What the exercise asks:
Starting at the line with "theory Defs" and going on through the line with "text \<open>Signed side", reproduce each line in the records below exactly and nothing more.

Records for the task:
(* Let $\kappa\in\{0,1\}$ and let $\mathbb{M}_\kappa$ be the simply connected complete Riemannian surface of constant curvature $\kappa$. For parameters $l>0$ and $\varepsilon>0$ (with $l<\pi/2$ when $\kappa=1$), consider in $\mathbb{M}_\kappa$ a quadrilateral $x_0x_1zx_2$, with $z$ and $x_0$ on opposite sides of the geodesic through $x_1,x_2$, such that $d(x_0,x_1)=d(x_0,x_2)=2l$, $d(x_1,z)=d(x_2,z)=l$, and the midpoints $y_1$ of $x_0x_1$ and $y_2$ of $x_0x_2$ satisfy $d(y_1,y_2)=\varepsilon$. Then, for $\varepsilon$ small enough, the circumcenter of the triangle $x_0x_1x_2$ lies inside the triangle $y_1y_2z$.
   Context: The quadrilateral is symmetric with respect to the geodesic through $x_0$ and $z$ (the bisector of the angle at $x_0$); the side-lengths are the geodesic distances in $\mathbb{M}_\kappa$. *)

theory Defs
  imports "HOL-Analysis.Analysis"
begin

text \<open>Model space M_kappa for kappa in {0,1}, realised inside real^3:
  kappa = 0: the Euclidean plane {x. x$3 = 0} with the Euclidean distance;
  kappa = 1: the unit sphere with the great-circle (angular) distance.\<close>

definition Mk :: "real \<Rightarrow> (real^3) set" where
  "Mk \<kappa> = (if \<kappa> = 0 then {x. x$3 = 0} else {x. norm x = 1})"

definition mdist :: "real \<Rightarrow> real^3 \<Rightarrow> real^3 \<Rightarrow> real" where
  "mdist \<kappa> x y = (if \<kappa> = 0 then dist x y else arccos (x \<bullet> y))"

text \<open>Geodesic midpoint of a and b (unique when mdist a b < pi).\<close>
definition is_midpoint :: "real \<Rightarrow> real^3 \<Rightarrow> real^3 \<Rightarrow> real^3 \<Rightarrow> bool" where
  "is_midpoint \<kappa> a b m \<longleftrightarrow> m \<in> Mk \<kappa> \<and>
     mdist \<kappa> a m = mdist \<kappa> a b / 2 \<and> mdist \<kappa> m b = mdist \<kappa> a b / 2"

text \<open>Signed side of p with respect to the geodesic through a and b:
  plane: orientation determinant; sphere: sign of det[a,b,p], the great circle
  through a and b being the intersection of the sphere with span {a,b}.\<close>
definition side :: "real \<Rightarrow> real^3 \<Rightarrow> real^3 \<Rightarrow> real^3 \<Rightarrow> real" where
  "side \<kappa> a b p = (if \<kappa> = 0
     then (b$1 - a$1) * (p$2 - a$2) - (b$2 - a$2) * (p$1 - a$1)
     else a$1 * (b$2 * p$3 - b$3 * p$2) - a$2 * (b$1 * p$3 - b$3 * p$1)
          + a$3 * (b$1 * p$2 - b$2 * p$1))"

definition opposite_sides :: "real \<Rightarrow> real^3 \<Rightarrow> real^3 \<Rightarrow> real^3 \<Rightarrow> real^3 \<Rightarrow> bool" where
  "opposite_sides \<kappa> a b p q \<longleftrightarrow> side \<kappa> a b p * side \<kappa> a b q < 0"

text \<open>Circumcenter: the point of M_kappa equidistant from the three vertices;
  on the sphere, the one of the two antipodal candidates at distance < pi/2.\<close>
definition is_circumcenter :: "real \<Rightarrow> real^3 \<Rightarrow> real^3 \<Rightarrow> real^3 \<Rightarrow> real^3 \<Rightarrow> bool" where
  "is_circumcenter \<kappa> a b c q \<longleftrightarrow> q \<in> Mk \<kappa> \<and>
     mdist \<kappa> q a = mdist \<kappa> q b \<and> mdist \<kappa> q b = mdist \<kappa> q c \<and>
     (\<kappa> = 1 \<longrightarrow> mdist \<kappa> q a < pi / 2)"

text \<open>p lies in the (open) geodesic triangle ABC:
  plane: strict convex combination; sphere: strictly positive linear combination
  (the geodesic triangle is the positive cone over A,B,C intersected with the sphere).\<close>
definition in_triangle :: "real \<Rightarrow> real^3 \<Rightarrow> real^3 \<Rightarrow> real^3 \<Rightarrow> real^3 \<Rightarrow> bool" where
  "in_triangle \<kappa> p A B C \<longleftrightarrow> p \<in> Mk \<kappa> \<and>
     (\<exists>u v w. u > 0 \<and> v > 0 \<and> w > 0 \<and> (\<kappa> = 0 \<longrightarrow> u + v + w = 1) \<and>
        p = u *\<^sub>R A + v *\<^sub>R B + w *\<^sub>R C)"

end

theory Submission
  imports Defs
begin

Output for this exercise:
theory Defs
  imports "HOL-Analysis.Analysis"
begin

text \<open>Model space M_kappa for kappa in {0,1}, realised inside real^3:
  kappa = 0: the Euclidean plane {x. x$3 = 0} with the Euclidean distance;
  kappa = 1: the unit sphere with the great-circle (angular) distance.\<close>

definition Mk :: "real \<Rightarrow> (real^3) set" where
  "Mk \<kappa> = (if \<kappa> = 0 then {x. x$3 = 0} else {x. norm x = 1})"

definition mdist :: "real \<Rightarrow> real^3 \<Rightarrow> real^3 \<Rightarrow> real" where
  "mdist \<kappa> x y = (if \<kappa> = 0 then dist x y else arccos (x \<bullet> y))"

text \<open>Geodesic midpoint of a and b (unique when mdist a b < pi).\<close>
definition is_midpoint :: "real \<Rightarrow> real^3 \<Rightarrow> real^3 \<Rightarrow> real^3 \<Rightarrow> bool" where
  "is_midpoint \<kappa> a b m \<longleftrightarrow> m \<in> Mk \<kappa> \<and>
     mdist \<kappa> a m = mdist \<kappa> a b / 2 \<and> mdist \<kappa> m b = mdist \<kappa> a b / 2"

text \<open>Signed side of p with respect to the geodesic through a and b:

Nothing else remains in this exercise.